Taking into account the aforementioned, [that is], that the [applicant ’ s] aim in writing the letter of 20 March 2010 was selfish, the [appeal court] finds that the way the [applicant] has wished to achieve a result beneficial to him has been by influencing [the rector ] in such a way that he would take unlawful steps, which, taking into account the aforementioned, should be considered a threat.”

Turning to the applicant ’ s claim for compensation for moral harm, the appeal court cited section 9(1) of the Labour Law, which provides as follows:

“An employee shall not be punished or otherwise directly or indirectly subjected to unfavourable consequences for the reason that the employee in the context of employment relations uses his rights in a permissible way [ pieļaujamā veidā ] or if he informs competent authorities or officials about suspicions of criminal or administrative violations in his place of employment”.

The court disagreed that the applicant ’ s dismissal had created “unjustified consequences” ( nepamatotas sekas ) or caused moral harm only because the applicant had expressed legitimate concerns about the reorganisation of the university and about the way the financial resources were used. The reasoning in that regard was as follows:

“[The appeal court], on the basis of experience and logics, finds that calm and positive atmosphere and respectful attitude amidst colleagues best contributes to achieving constructive dialogues.
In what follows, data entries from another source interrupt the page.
(* Let $H$ be an $\mathcal H$-class of $\mathcal{OR}_n$ containing an idempotent of rank $k$. If $k=n$ then $H=W'$, and if $k\in\{1,\dots,m\}$ then $H$ is isomorphic (as a group) to the symmetric group $S_k$.
   Context: Let $m\ge 1$, $n=2m$, $\mathbf n=\{1,\dots,n\}$, $\theta(i)=n+1-i$, written $\bar i$. A proper subset $I\subset\mathbf n$ is admissible if $I\cap\theta(I)=\emptyset$; $\mathbf n$ and $\emptyset$ are also admissible. For an injective partial map $\sigma$ of $\mathbf n$, $I(\sigma)$ is its domain, $J(\sigma)$ its image, $\mathrm{rk}(\sigma)=|I(\sigma)|$; products are compositions of partial maps. $W=\{\sigma\in S_n:\sigma(\bar i)=\overline{\sigma(i)}\ \forall i\}$, $W'=\{\sigma\in W:|\sigma(\{1,\dots,m\})\cap\{m+1,\dots,n\}|\text{ even}\}$. An admissible $m$-subset is of type I if it contains an even number of elements $>m$, type II otherwise. $\mathcal{OR}_n$ consists of the injective partial maps $\sigma$ with: $\mathrm{rk}(\sigma)<m$ and $I(\sigma),J(\sigma)$ admissible; or $\mathrm{rk}(\sigma)=m$ and $I(\sigma),J(\sigma)$ admissible of the same type; or $\sigma\in W'$. $\mathcal H$ is Green's $\mathcal H$-relation on the monoid $\mathcal{OR}_n$. *)

theory Defs
  imports Main "HOL-Algebra.Sym_Groups"
begin

text \<open>Partial maps of the set n = 1..n are represented as nat to nat option;
  the domain is dom, the image is ran.  Products are compositions of partial maps
  (s * t = s after t, i.e. map_comp).\<close>

definition theta :: "nat \<Rightarrow> nat \<Rightarrow> nat" where
  "theta n i = n + 1 - i"
lemma nn_integral_bandit_post_model:
  assumes g: "g \<in> borel_measurable (prior K P \<Otimes>\<^sub>M (count_space UNIV \<Otimes>\<^sub>M prior K P))"
  shows "(\<integral>\<^sup>+\<omega>. g \<omega> \<partial>bandit_post_model K P pol n) =
    (\<integral>\<^sup>+mu. \<integral>\<^sup>+h. \<integral>\<^sup>+nu. ennreal (post_model_density n mu h nu) * g (mu, h, nu)
        \<partial>prior K P \<partial>count_space UNIV \<partial>prior K P)"
proof -
  interpret C: sigma_finite_measure "count_space (UNIV :: history set)"
    by (rule sigma_finite_measure_count_space)
  interpret Pr: prob_space "prior K P" by (rule prob_space_prior)
  interpret CP: sigma_finite_measure "count_space (UNIV :: history set) \<Otimes>\<^sub>M prior K P"
    by (rule sigma_finite_pair_measure) unfold_locales
  define w where "w = (\<lambda>(mu, h, nu). ennreal (post_model_density n mu h nu))"
  note [measurable] = g measurable_post_model_density[of n, folded w_def]
  have "(\<integral>\<^sup>+\<omega>. g \<omega> \<partial>bandit_post_model K P pol n)
      = (\<integral>\<^sup>+\<omega>. w \<omega> * g \<omega> \<partial>(prior K P \<Otimes>\<^sub>M (count_space UNIV \<Otimes>\<^sub>M prior K P)))"
    unfolding bandit_post_model_def
    by (simp only: post_model_density_def[symmetric] w_def[symmetric]) (rule nn_integral_density; measurable)
  also have "\<dots> = (\<integral>\<^sup>+mu. \<integral>\<^sup>+y. w (mu, y) * g (mu, y) \<partial>(count_space UNIV \<Otimes>\<^sub>M prior K P) \<partial>prior K P)"
    by (rule CP.nn_integral_fst[symmetric, where f = "\<lambda>\<omega>. w \<omega> * g \<omega>", simplified]) measurable
  also have "\<dots> = (\<integral>\<^sup>+mu. \<integral>\<^sup>+h. \<integral>\<^sup>+nu. w (mu, h, nu) * g (mu, h, nu) \<partial>prior K P \<partial>count_space UNIV \<partial>prior K P)"
  proof (rule nn_integral_cong)
    fix mu assume mu: "mu \<in> space (prior K P)"
    have "(\<lambda>y. w (mu, y) * g (mu, y)) \<in> borel_measurable (count_space UNIV \<Otimes>\<^sub>M prior K P)"
      using measurable_Pair1'[OF mu, of "count_space UNIV \<Otimes>\<^sub>M prior K P"] by measurable
    from Pr.nn_integral_fst[OF this] show
      "(\<integral>\<^sup>+y. w (mu, y) * g (mu, y) \<partial>(count_space UNIV \<Otimes>\<^sub>M prior K P))
        = (\<integral>\<^sup>+h. \<integral>\<^sup>+nu. w (mu, h, nu) * g (mu, h, nu) \<partial>prior K P \<partial>count_space UNIV)"
      by simp
  qed
  finally show ?thesis by (simp add: w_def)
qed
Having analysed above-mentioned evidence, the [appeal court] considers that nothing prevented the applicant from expressing his opinion in a manner that would be compatible with ethics and staff rules”.

The applicant submitted an appeal on points of law, disputing, inter alia , the appeal court ’ s findings that by sending one confidential letter to one recipient (namely, the rector of the university) , in which he had raised points concerning unjustified use of funds from the State budget, he had committed an infraction of working rules and ethics of such a gravity that would justify his dismissal. The applicant ’ s appeal on points of law was rejected by the Senate of the Supreme Court in a preparatory meeting on 26 September 2012.

3 . Criminal proceedings

On 27 September 2010 the rector of the university sought to institute criminal proceedings against the applicant for extortion. The criminal proceedings were instituted on 30 January 2012 and the applicant was ordered not to leave his permanent residence without a permission of the competent investigative authority for more than 24 hours. The criminal proceedings were discontinued for lack of corpus delicti on 9 February 2012. The travel restrictions were annulled by the same decision.

COMPLAINTS

The applicant complains under Article 6 of the Convention that the decisions of the Regional Court and the Senate of the Supreme Court were unlawful and unfair because the courts disregarded the applicant ’ s right to the freedom of expression.

The applicant further complains that his dismissal violated Article 10 of the Convention, since he had been punished for expressing a legitimate opinion about problems prevailing in the university and for attempting to resolve his employment situation.

QUESTION TO THE PARTIES

Has there been a violation of the applicant ’ s right to freedom of expression, guaranteed by Article 10 of the Convention (see, mutatis mutandis , Palomo Sánchez and Others v. Spain [GC], no s . 28955/06, 28957/06, 28959/06 and 28964/06, ECHR 2011 )?